Friday, September 5, 2014

Karen Visits FSSA!


I’ve spent the last three weeks in FSSA, the Family and Social Services Administration. This agency is responsible for distributing funds to care providers for children, the aging, the disabled, and other vulnerable populations in Indiana.  Like, the Bureau of Motor Vehicles and the Department of Child Services, FSSA is a very large agency with many, many employees and widespread locations.

Much of the agency’s workforce is retiring in the next five to seven years, and some key positions will lose many employees all at once. To prevent a crisis, FSSA is recruiting a large volume of people to fill the positions that will become vacant in the near future. In addition to current positions becoming open due to retirement, many new positions have been created and approved, and these too must be filled.

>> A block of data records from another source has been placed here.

(* (1) For each $f\in\mathcal A_C$, the map $\Phi_f:\mathcal{BV}\to C^0(\overline{\mathbb R})$, $\Phi_f[g]=f*g$, is a bounded linear operator (with $\mathcal{BV}$ normed by $\|\cdot\|_{\mathcal{BV}}$ and $C^0(\overline{\mathbb R})$ by $\|\cdot\|_\infty$) with $\|\Phi_f\|\le\|f\|$, and there exists a nonzero $f\in\mathcal A_C$ with $\|\Phi_f\|=\|f\|$. (2) For each $g\in\mathcal{BV}$, the map $\Psi_g:\mathcal A_C\to C^0(\overline{\mathbb R})$, $\Psi_g[f]=f*g$, is a bounded linear operator (with $\mathcal A_C$ normed by the Alexiewicz norm) with $\|\Psi_g\|\le\|g\|_{\mathcal{BV}}$, and there exists a nonzero $g\in\mathcal{BV}$ with $\|\Psi_g\|=\|g\|_{\mathcal{BV}}$.
   Context: Notation: $\mathcal D=C_c^\infty(\mathbb R)$, $\mathcal D'$ the Schwartz distributions; derivatives of distributions are distributional derivatives. $\overline{\mathbb R}=[-\infty,\infty]$, $F(\pm\infty)=\lim_{x\to\pm\infty}F(x)$. $C^0(\overline{\mathbb R})$ is the set of continuous $F:\mathbb R\to\mathbb R$ with finite limits at $\pm\infty$, normed by $\|F\|_\infty=\sup_{\mathbb R}|F|$. $\mathcal B_C=\{F\in C^0(\overline{\mathbb R}):F(-\infty)=0\}$. $\mathcal A_C=\{f\in\mathcal D': f=F' \text{ for some } F\in\mathcal B_C\}$; the primitive $F\in\mathcal B_C$ is unique, and $\int_a^bf=F(b)-F(a)$ for $a,b\in\overline{\mathbb R}$. The Alexiewicz norm is $\|f\|=\sup_I|\int_If|$ over all intervals $I\subset\mathbb R$. $\mathcal{BV}$ is the set of $g:\mathbb R\to\mathbb R$ with finite variation $Vg=\sup\sum_i|g(x_i)-g(y_i)|$ (supremum over finite families of disjoint intervals $(x_i,y_i)$), with norm $\|g\|_{\mathcal{BV}}=|g(-\infty)|+Vg$. For $h\in\mathcal A_C$ with primitive $H$ and $g\in\mathcal{BV}$, $\int_{-\infty}^\infty hg=H(\infty)g(\infty)-\int_{-\infty}^\infty H\,dg$ (Henstock–Stieltjes integral). For $f\in\mathcal A_C$ with primitive $F$ and $x\in\mathbb R$, $f(x-\cdot)$ is the element of $\mathcal A_C$ with primitive $y\mapsto F(\infty)-F(x-y)$, and $f*g(x)=\int_{-\infty}^\infty f(x-y)g(y)\,dy$ is the product integral of $f(x-\cdot)$ and $g$. (It is known that $f*g\in C^0(\overline{\mathbb R})$.) *)

theory Defs
  imports "HOL-Analysis.Analysis"
begin
(* Let $R$ be an associative ring with identity and involution $*$, and let $a\in R^{\#}\cap R^{\dagger}$. Then $a\in R^{SEP}$ if and only if $a(a^{\#})^*a^{\dagger}$ and $a^{\dagger}a^2$ are left $a^{\dagger}aa^{\#}$-equivalent, i.e. $a^{\dagger}aa^{\#}\,a(a^{\#})^*a^{\dagger}=a^{\dagger}aa^{\#}\,a^{\dagger}a^2$.
   Context: An involution on $R$ is a map $x\mapsto x^*$ with $(x^* )^*=x$, $(x+y)^*=x^*+y^*$, $(xy)^*=y^*x^*$. An element $a$ is Moore–Penrose invertible if there is $b$ with $aba=a$, $bab=b$, $(ab)^*=ab$, $(ba)^*=ba$; such $b$ is unique, denoted $a^{\dagger}$, and $R^{\dagger}$ is the set of such $a$. An element $a$ is group invertible if there is $b$ with $aba=a$, $bab=b$, $ab=ba$; such $b$ is unique, denoted $a^{\#}$, and $R^{\#}$ is the set of such $a$. For $a\in R^{\#}\cap R^{\dagger}$, $a$ is SEP if $a^*=a^{\dagger}=a^{\#}$; $R^{SEP}$ denotes the set of SEP elements. For $x,b,c\in R$, $b$ and $c$ are left $x$-equivalent if $xb=xc$. *)

theory Defs
  imports Main
begin

definition involution :: "('a::ring_1 \<Rightarrow> 'a) \<Rightarrow> bool" where
  "involution s \<longleftrightarrow> (\<forall>x. s (s x) = x) \<and> (\<forall>x y. s (x + y) = s x + s y)
     \<and> (\<forall>x y. s (x * y) = s y * s x)"

definition is_mp_inverse :: "('a::ring_1 \<Rightarrow> 'a) \<Rightarrow> 'a \<Rightarrow> 'a \<Rightarrow> bool" where
  "is_mp_inverse s a b \<longleftrightarrow> a * b * a = a \<and> b * a * b = b \<and> s (a * b) = a * b \<and> s (b * a) = b * a"

definition mp_invertible :: "('a::ring_1 \<Rightarrow> 'a) \<Rightarrow> 'a \<Rightarrow> bool" where
  "mp_invertible s a \<longleftrightarrow> (\<exists>b. is_mp_inverse s a b)"

definition mp_inv :: "('a::ring_1 \<Rightarrow> 'a) \<Rightarrow> 'a \<Rightarrow> 'a" where
  "mp_inv s a = (THE b. is_mp_inverse s a b)"

definition is_group_inverse :: "'a::ring_1 \<Rightarrow> 'a \<Rightarrow> bool" where
  "is_group_inverse a b \<longleftrightarrow> a * b * a = a \<and> b * a * b = b \<and> a * b = b * a"

definition group_invertible :: "'a::ring_1 \<Rightarrow> bool" where
  "group_invertible a \<longleftrightarrow> (\<exists>b. is_group_inverse a b)"

definition group_inv :: "'a::ring_1 \<Rightarrow> 'a" where
  "group_inv a = (THE b. is_group_inverse a b)"

definition SEP :: "('a::ring_1 \<Rightarrow> 'a) \<Rightarrow> 'a \<Rightarrow> bool" where
  "SEP s a \<longleftrightarrow> group_invertible a \<and> mp_invertible s a
     \<and> s a = mp_inv s a \<and> mp_inv s a = group_inv a"

definition left_equiv :: "'a::ring_1 \<Rightarrow> 'a \<Rightarrow> 'a \<Rightarrow> bool" where
  "left_equiv x b c \<longleftrightarrow> x * b = x * c"

end

theory Submission
  imports Defs
begin

(* With b = a\<dagger> and g = a#, left multiplication by a turns the left-equivalence into
   a s(g) b = a.  This identity forces a a b = a, hence a b = g a = a g; so a g is
   self-adjoint, g is a Moore-Penrose inverse of a, and g = b (a is EP).  For EP elements
   p = a b = b a is a self-adjoint idempotent, and a s(b) b = a gives s(b) b = p and
   then s(b) = s(b) p = p a = a, i.e. s(a) = a\<dagger>. *)

lemma involutionD:
  assumes "involution s"
  shows "s (s x) = x" and "s (x * y) = s y * s x"
  using assms unfolding involution_def by auto

lemma is_mp_inverse_unique:
  assumes s: "involution s" and x: "is_mp_inverse s a x" and y: "is_mp_inverse s a y"
  shows "x = y"
proof -
  note star = involutionD[OF s]
  have x1: "a * x * a = a" "x * a * x = x" "s (a * x) = a * x" "s (x * a) = x * a"
    and y1: "a * y * a = a" "y * a * y = y" "s (a * y) = a * y" "s (y * a) = y * a"
    using x y unfolding is_mp_inverse_def by auto
  have ax: "a * x = a * y"
  proof -
    have "a * x = (a * y) * (a * x)" by (metis y1(1) mult.assoc)
    also have "\<dots> = s (a * x * (a * y))" using x1 y1 star by simp
    also have "\<dots> = a * y" by (metis x1(1) y1(3) mult.assoc)
    finally show ?thesis .
  qed
  have xa: "x * a = y * a"
  proof -
    have "x * a = (x * a) * (y * a)" by (metis y1(1) mult.assoc)
    also have "\<dots> = s (y * a * (x * a))" using x1 y1 star by simp
    also have "\<dots> = y * a" by (metis x1(1) y1(4) mult.assoc)
    finally show ?thesis .
  qed
  have "x = x * a * x" using x1 by simp
  also have "\<dots> = y * a * y" by (metis ax xa mult.assoc)
  finally show ?thesis using y1 by simp
qed

lemma is_group_inverse_unique:
  assumes x: "is_group_inverse a x" and y: "is_group_inverse a y"
  shows "x = y"
proof -
  have x1: "a * x * a = a" "x * a * x = x" "a * x = x * a"
    and y1: "a * y * a = a" "y * a * y = y" "a * y = y * a"
    using x y unfolding is_group_inverse_def by auto
  have ax: "a * x = a * y"
  proof -
    have "a * x = (y * a) * (a * x)" by (metis y1(1,3) mult.assoc)
    also have "\<dots> = y * a" by (metis x1(1,3) mult.assoc)
    finally show ?thesis using y1(3) by simp
  qed
  have "x = x * a * x" using x1 by simp
  also have "\<dots> = y * a * y" by (metis ax x1(3) y1(3) mult.assoc)
  finally show ?thesis using y1 by simp
qed

lemma mp_inv_eq:
  assumes "involution s" and "is_mp_inverse s a b"
  shows "mp_inv s a = b"
  unfolding mp_inv_def using assms is_mp_inverse_unique by blast

lemma group_inv_eq:
  assumes "is_group_inverse a g"
  shows "group_inv a = g"
  unfolding group_inv_def using assms is_group_inverse_unique by blast

lemma is_mp_inverse_if_group_inverse:
  assumes "is_group_inverse a g" and "s (a * g) = a * g"
  shows "is_mp_inverse s a g"
  using assms unfolding is_group_inverse_def is_mp_inverse_def by metis

lemma star_eq_mp_inverse_if_EP:
  assumes s: "involution s" and mp: "is_mp_inverse s a b" and group: "is_group_inverse a b"
    and partial: "a * s b * b = a"
  shows "s a = b"
proof -
  note star = involutionD[OF s]
  define p where "p = b * a"
  have p: "s p = p" "p * a = a" "p * b = b" "b * p = b"
    using mp group unfolding p_def is_mp_inverse_def is_group_inverse_def
    by (auto simp: mult.assoc)
  have p_star: "s b * p = s b" "p * s b = s b"
    using star(2)[of p b] star(2)[of b p] p by simp_all
  have "s b * b = p * s b * b" using p_star by simp
  also have "\<dots> = p" using partial by (simp add: p_def mult.assoc)
  finally have "s b * b = p" .
  then have "s b = a"
    using p_star(1) p(2) by (metis p_def mult.assoc)
  then show ?thesis using star(1) by metis
qed

lemma left_equiv_iff:
  assumes inner: "a * b * a = a" and group: "is_group_inverse a g"
  shows "left_equiv (b * a * g) (a * t * b) (b * a ^ 2) \<longleftrightarrow> a * t * b = a"
proof -
  have g: "a * g * a = a" "g * a * g = g" "a * g = g * a"
    using group unfolding is_group_inverse_def by auto
  have gaa: "g * a * a = a" by (metis g(1,3))
  have agbaa: "a * g * b * (a * a) = a" by (metis gaa inner g(3) mult.assoc)
  have gbaa: "g * b * (a * a) = g * a" by (metis agbaa g(2) mult.assoc)
  have cancel: "a * (b * a * g * x) = a * g * x" for x
    by (metis inner mult.assoc)
  show ?thesis
  proof
    assume "left_equiv (b * a * g) (a * t * b) (b * a ^ 2)"
    then have equiv: "a * g * (a * t * b) = a * g * (b * (a * a))"
      using cancel by (metis left_equiv_def power2_eq_square)
    have "a * t * b = a * g * (a * t * b)" by (metis g(1) mult.assoc)
    also have "\<dots> = a" using equiv agbaa by (simp add: mult.assoc)
    finally show "a * t * b = a" .
  next
    assume "a * t * b = a"
    then show "left_equiv (b * a * g) (a * t * b) (b * a ^ 2)"
      unfolding left_equiv_def power2_eq_square using gbaa by (simp add: mult.assoc)
  qed
qed

lemma SEP_iff:
  assumes s: "involution s" and mp: "is_mp_inverse s a b" and group: "is_group_inverse a g"
  shows "SEP s a \<longleftrightarrow> a * s g * b = a"
proof -
  note star = involutionD[OF s]
  have b: "b * a * b = b" "s (a * b) = a * b"
    using mp unfolding is_mp_inverse_def by auto
  have g: "a * g * a = a" "a * g = g * a"
    using group unfolding is_group_inverse_def by auto
  have gaa: "g * a * a = a" by (metis g)
  have "SEP s a \<longleftrightarrow> s a = b \<and> b = g"
    unfolding SEP_def mp_inv_eq[OF s mp] group_inv_eq[OF group]
      mp_invertible_def group_invertible_def
    using mp group by blast
  also have "\<dots> \<longleftrightarrow> a * s g * b = a"
  proof
    assume "s a = b \<and> b = g"
    then show "a * s g * b = a" using star(1) g gaa by (metis mult.assoc)
  next
    assume partial: "a * s g * b = a"
    have "a * (a * b) = a" by (metis partial b(1) mult.assoc)
    then have "a * b = g * a" by (metis gaa mult.assoc)
    then have "is_mp_inverse s a g"
      using is_mp_inverse_if_group_inverse group b(2) g(2) by metis
    then have "b = g" using is_mp_inverse_unique[OF s mp] by blast
    then show "s a = b \<and> b = g"
      using star_eq_mp_inverse_if_EP[OF s mp] group partial by blast
  qed
  finally show ?thesis .
qed

theorem theorem5p4:
  fixes s :: "'a::ring_1 \<Rightarrow> 'a" and a :: 'a
  assumes "involution s"
    and "group_invertible a" and "mp_invertible s a"
  shows "SEP s a \<longleftrightarrow>
    left_equiv (mp_inv s a * a * group_inv a)
      (a * s (group_inv a) * mp_inv s a) (mp_inv s a * a ^ 2)"
proof -
  obtain b where mp: "is_mp_inverse s a b"
    using assms(3) unfolding mp_invertible_def by blast
  obtain g where group: "is_group_inverse a g"
    using assms(2) unfolding group_invertible_def by blast
  have "a * b * a = a" using mp unfolding is_mp_inverse_def by simp
  then show ?thesis
    using SEP_iff[OF assms(1) mp group] left_equiv_iff[OF _ group]
      mp_inv_eq[OF assms(1) mp] group_inv_eq[OF group]
    by simp
qed

end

My main project during this rotation was to source for one particular position at dozens of schools and job sites. Thirty Disability Claims Adjudicator positions are open, and they need to be filled as quickly as possible. Because of this, I posted jobs as school and job boards based in other states as well as Indiana, and opened the position up for all majors and areas of study to get the maximum number of applicants. My other project during this rotation was updating employee information in PeopleSoft, which helped me get more familiar with the program and its capabilities.


The main lesson I learned at this agency was how important it is to be aware of who is in your workforce and when and how they might leave. If you don’t stay on top of this as an HR professional, you could end up with a large number of vacancies in key business areas, and your business will almost certainly be negatively affected.  It was also interesting to learn how difficult it truly is to get a qualified pool of applicants to apply for one open position, let alone 30. To get 30 qualified applicants, we’d probably need a few hundred general applications! This taught me that there’s much more to hiring than simply going through applications and choosing the right candidate – getting a pool of good applicants is a challenge all in itself.